─── Provided material

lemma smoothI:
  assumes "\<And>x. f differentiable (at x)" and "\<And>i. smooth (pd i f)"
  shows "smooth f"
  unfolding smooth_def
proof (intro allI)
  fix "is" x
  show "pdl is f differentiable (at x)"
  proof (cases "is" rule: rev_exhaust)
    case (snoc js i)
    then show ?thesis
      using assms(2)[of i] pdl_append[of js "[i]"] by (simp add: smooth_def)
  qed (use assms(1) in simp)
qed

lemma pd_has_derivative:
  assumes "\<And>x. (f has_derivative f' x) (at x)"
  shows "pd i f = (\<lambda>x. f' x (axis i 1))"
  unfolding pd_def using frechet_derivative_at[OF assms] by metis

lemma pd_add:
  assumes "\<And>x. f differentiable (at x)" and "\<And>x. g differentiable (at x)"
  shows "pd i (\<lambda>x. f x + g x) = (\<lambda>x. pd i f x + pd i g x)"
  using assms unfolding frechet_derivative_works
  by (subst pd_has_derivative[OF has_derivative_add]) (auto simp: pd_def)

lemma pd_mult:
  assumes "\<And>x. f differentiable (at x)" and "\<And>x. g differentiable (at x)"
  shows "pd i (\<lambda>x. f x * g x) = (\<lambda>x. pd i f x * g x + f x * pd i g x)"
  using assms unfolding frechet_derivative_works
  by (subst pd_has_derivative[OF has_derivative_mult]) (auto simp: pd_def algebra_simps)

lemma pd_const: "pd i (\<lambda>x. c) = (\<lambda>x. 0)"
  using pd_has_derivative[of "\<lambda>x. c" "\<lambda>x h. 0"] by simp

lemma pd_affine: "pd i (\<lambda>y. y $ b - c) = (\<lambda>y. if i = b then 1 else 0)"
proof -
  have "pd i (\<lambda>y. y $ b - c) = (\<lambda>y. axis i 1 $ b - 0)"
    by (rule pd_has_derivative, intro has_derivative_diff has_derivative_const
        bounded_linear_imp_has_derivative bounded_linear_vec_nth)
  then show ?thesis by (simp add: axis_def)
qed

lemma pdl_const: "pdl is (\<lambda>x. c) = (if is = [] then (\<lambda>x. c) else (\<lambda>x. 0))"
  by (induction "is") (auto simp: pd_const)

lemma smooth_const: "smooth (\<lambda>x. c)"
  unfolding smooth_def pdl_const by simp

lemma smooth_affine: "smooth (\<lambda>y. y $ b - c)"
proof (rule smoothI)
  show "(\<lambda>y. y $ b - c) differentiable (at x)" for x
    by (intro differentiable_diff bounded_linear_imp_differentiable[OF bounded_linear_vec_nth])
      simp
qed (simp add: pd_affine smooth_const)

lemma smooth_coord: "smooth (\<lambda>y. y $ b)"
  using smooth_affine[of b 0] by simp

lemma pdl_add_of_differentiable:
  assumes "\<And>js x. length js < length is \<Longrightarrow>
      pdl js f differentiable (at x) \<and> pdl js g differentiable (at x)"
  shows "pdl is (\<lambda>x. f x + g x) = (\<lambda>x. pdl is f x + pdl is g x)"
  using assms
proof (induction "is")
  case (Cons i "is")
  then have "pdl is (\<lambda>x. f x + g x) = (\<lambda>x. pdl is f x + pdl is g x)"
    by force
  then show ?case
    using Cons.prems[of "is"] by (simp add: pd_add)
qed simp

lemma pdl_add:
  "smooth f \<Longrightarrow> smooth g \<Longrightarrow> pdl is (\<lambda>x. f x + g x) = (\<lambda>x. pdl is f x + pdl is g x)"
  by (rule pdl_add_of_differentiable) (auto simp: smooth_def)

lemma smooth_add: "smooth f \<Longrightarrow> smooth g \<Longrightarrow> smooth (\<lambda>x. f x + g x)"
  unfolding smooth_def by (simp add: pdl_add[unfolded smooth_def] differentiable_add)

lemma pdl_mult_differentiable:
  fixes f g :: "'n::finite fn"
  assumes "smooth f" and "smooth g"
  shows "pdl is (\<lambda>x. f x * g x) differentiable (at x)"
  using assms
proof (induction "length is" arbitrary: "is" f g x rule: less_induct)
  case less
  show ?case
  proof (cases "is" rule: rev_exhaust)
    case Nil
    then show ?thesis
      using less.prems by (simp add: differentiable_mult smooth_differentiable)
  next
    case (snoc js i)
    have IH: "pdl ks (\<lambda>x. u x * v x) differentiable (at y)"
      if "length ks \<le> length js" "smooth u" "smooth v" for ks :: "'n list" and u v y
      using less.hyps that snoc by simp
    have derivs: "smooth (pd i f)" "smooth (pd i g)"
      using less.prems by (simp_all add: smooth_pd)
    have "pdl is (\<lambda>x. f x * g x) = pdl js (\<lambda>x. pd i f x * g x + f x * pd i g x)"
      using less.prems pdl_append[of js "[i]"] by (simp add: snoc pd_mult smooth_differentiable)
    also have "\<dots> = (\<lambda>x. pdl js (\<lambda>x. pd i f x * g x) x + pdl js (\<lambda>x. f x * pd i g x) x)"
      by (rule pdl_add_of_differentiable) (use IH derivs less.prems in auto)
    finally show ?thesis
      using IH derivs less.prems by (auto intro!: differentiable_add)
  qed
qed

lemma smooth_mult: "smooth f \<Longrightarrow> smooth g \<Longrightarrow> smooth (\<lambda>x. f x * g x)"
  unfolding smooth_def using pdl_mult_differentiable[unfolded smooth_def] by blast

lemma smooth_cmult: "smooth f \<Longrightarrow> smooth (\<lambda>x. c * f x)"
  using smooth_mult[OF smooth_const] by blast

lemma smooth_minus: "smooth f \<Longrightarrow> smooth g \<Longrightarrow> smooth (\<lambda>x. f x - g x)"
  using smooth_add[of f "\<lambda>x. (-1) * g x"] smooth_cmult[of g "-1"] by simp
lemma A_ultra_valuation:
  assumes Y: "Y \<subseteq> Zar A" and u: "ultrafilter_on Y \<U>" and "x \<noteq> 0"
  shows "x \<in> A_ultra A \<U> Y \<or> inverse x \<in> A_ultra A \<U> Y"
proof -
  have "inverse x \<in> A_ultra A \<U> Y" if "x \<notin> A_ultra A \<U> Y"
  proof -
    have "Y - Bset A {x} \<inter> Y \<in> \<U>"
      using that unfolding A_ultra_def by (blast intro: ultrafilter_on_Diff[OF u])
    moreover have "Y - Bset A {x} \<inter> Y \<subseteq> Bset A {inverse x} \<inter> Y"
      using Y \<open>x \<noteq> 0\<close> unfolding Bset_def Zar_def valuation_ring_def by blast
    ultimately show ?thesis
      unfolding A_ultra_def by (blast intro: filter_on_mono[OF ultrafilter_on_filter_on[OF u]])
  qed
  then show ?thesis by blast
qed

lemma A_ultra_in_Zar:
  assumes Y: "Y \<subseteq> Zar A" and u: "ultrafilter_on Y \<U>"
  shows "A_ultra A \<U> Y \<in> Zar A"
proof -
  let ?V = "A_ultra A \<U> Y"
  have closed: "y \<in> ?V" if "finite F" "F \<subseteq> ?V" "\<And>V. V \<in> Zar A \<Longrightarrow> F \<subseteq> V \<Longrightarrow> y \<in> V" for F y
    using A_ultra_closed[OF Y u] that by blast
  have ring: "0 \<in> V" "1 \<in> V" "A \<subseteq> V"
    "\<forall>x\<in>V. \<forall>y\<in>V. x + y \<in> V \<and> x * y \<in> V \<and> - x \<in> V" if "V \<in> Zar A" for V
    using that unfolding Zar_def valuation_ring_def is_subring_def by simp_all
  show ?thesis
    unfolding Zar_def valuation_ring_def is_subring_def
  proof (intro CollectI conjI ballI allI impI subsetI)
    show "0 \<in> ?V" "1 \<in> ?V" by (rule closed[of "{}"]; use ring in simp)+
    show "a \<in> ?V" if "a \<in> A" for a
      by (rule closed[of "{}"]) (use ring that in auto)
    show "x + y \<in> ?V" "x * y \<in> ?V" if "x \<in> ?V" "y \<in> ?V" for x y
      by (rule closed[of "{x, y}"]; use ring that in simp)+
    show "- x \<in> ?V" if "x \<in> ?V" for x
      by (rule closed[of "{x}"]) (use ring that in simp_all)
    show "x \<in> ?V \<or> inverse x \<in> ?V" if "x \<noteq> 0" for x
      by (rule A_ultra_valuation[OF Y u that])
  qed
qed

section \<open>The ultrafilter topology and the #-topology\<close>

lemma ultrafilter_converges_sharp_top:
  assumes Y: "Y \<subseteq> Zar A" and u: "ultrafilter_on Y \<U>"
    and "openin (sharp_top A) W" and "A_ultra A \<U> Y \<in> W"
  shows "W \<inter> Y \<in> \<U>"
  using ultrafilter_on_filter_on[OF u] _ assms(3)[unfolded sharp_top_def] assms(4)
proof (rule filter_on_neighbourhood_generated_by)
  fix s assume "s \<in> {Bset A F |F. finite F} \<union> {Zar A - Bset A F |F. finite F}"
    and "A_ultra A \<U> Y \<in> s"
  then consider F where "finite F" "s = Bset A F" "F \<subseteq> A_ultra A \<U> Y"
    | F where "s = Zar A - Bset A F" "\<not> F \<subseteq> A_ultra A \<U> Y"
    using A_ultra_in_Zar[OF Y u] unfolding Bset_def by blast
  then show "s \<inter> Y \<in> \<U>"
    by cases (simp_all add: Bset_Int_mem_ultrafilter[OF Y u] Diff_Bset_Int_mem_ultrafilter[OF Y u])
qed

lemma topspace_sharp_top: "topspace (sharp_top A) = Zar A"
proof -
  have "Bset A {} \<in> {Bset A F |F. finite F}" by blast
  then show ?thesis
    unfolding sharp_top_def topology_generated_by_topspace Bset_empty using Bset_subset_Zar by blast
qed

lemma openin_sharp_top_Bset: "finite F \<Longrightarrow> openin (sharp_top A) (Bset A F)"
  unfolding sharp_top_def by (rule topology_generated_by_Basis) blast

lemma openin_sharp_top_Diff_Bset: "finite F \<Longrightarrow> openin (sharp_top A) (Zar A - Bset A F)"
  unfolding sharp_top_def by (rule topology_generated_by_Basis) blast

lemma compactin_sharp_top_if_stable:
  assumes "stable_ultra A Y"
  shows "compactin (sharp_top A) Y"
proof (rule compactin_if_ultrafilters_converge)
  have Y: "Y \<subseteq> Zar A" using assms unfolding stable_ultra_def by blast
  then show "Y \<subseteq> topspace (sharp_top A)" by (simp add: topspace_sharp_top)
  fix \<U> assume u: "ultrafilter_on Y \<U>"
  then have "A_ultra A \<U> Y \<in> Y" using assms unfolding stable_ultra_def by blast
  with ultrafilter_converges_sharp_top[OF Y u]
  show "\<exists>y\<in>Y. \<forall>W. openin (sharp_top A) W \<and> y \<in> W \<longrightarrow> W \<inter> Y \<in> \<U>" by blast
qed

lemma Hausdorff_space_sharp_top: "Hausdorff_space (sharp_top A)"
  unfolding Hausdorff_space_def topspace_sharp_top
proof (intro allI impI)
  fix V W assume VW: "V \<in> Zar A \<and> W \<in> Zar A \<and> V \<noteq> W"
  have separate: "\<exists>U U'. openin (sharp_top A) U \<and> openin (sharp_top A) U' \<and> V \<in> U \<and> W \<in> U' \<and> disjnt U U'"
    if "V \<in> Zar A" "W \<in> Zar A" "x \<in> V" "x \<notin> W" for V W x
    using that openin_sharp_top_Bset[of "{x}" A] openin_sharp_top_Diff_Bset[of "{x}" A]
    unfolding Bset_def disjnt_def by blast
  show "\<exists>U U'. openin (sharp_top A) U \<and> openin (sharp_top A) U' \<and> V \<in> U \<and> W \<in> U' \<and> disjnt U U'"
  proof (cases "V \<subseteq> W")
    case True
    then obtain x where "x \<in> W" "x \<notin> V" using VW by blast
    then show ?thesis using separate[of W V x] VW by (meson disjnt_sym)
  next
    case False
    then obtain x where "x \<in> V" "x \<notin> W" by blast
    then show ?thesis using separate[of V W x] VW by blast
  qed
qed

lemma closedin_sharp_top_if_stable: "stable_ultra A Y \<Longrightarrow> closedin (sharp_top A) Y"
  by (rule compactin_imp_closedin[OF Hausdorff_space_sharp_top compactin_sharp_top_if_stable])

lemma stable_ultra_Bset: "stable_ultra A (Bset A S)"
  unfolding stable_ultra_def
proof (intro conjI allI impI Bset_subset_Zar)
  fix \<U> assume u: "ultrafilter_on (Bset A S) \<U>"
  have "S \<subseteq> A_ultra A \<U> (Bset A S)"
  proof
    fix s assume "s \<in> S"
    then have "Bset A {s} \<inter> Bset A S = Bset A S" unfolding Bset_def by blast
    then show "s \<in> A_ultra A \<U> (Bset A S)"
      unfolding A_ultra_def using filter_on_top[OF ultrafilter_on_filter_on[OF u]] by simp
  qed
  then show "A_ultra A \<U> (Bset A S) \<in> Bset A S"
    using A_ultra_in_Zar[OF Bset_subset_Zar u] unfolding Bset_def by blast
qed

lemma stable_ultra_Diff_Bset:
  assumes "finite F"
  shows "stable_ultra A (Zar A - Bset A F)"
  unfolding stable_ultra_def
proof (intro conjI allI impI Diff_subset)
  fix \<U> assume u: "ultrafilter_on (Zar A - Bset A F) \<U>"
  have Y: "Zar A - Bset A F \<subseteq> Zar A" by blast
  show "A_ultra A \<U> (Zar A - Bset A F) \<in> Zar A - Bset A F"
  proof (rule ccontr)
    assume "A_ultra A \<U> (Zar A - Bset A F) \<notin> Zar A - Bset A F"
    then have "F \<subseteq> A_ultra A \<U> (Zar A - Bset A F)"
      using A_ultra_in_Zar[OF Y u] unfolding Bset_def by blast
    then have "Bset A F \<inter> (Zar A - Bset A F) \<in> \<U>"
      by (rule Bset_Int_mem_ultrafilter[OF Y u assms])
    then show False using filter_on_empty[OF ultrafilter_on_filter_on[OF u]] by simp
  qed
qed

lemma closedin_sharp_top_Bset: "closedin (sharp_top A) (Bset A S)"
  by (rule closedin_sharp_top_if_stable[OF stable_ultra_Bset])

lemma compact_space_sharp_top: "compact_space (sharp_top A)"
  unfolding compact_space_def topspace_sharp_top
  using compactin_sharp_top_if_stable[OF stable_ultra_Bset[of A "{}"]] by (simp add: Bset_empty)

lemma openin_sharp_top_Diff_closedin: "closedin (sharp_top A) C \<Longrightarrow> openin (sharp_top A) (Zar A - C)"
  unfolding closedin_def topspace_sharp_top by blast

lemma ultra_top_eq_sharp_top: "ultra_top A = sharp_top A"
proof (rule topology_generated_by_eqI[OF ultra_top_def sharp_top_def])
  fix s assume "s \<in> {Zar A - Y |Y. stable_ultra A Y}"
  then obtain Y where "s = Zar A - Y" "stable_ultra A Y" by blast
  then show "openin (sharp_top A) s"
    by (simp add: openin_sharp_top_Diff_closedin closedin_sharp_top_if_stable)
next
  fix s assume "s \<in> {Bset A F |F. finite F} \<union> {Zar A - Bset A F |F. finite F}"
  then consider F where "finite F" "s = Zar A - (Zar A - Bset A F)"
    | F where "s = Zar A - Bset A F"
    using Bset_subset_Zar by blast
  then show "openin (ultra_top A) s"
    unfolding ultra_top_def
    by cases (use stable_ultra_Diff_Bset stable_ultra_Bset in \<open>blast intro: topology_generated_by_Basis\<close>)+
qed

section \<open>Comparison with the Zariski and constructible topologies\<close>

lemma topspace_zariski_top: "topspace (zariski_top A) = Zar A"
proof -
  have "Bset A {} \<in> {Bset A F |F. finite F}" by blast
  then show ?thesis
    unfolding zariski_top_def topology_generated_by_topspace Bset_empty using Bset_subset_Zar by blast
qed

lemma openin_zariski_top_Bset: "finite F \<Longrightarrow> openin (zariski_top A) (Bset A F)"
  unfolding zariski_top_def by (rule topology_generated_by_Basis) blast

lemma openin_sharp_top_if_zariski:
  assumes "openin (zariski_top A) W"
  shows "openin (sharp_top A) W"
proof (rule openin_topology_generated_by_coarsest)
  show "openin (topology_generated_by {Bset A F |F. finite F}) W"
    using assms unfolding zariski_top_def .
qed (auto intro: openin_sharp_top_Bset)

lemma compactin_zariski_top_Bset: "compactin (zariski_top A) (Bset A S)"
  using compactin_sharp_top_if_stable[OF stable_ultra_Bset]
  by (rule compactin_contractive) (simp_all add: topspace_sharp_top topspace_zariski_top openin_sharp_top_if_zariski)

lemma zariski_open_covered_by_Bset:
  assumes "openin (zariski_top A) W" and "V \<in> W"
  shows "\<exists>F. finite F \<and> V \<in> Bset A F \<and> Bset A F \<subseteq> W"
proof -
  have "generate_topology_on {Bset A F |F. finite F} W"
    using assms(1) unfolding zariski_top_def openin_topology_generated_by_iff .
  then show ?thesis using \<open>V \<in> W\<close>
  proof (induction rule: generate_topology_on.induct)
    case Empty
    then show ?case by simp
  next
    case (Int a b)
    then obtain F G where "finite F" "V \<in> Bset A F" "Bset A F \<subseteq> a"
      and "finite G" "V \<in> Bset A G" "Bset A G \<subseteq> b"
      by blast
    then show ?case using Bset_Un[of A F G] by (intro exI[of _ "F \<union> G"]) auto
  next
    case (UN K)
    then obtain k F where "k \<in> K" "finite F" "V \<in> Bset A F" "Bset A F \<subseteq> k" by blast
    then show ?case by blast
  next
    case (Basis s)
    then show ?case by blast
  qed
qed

──────

What is expected | In the entries above, find the line with "by (rule A_ultra_valuation[OF" and the line with "proof (rule filter_on_neighbourhood_generated_by)", then set down exactly those two and every line between them, nothing else.

Response area |
      by (rule A_ultra_valuation[OF Y u that])
  qed
qed

section \<open>The ultrafilter topology and the #-topology\<close>

lemma ultrafilter_converges_sharp_top:
  assumes Y: "Y \<subseteq> Zar A" and u: "ultrafilter_on Y \<U>"
    and "openin (sharp_top A) W" and "A_ultra A \<U> Y \<in> W"
  shows "W \<inter> Y \<in> \<U>"
  using ultrafilter_on_filter_on[OF u] _ assms(3)[unfolded sharp_top_def] assms(4)
proof (rule filter_on_neighbourhood_generated_by)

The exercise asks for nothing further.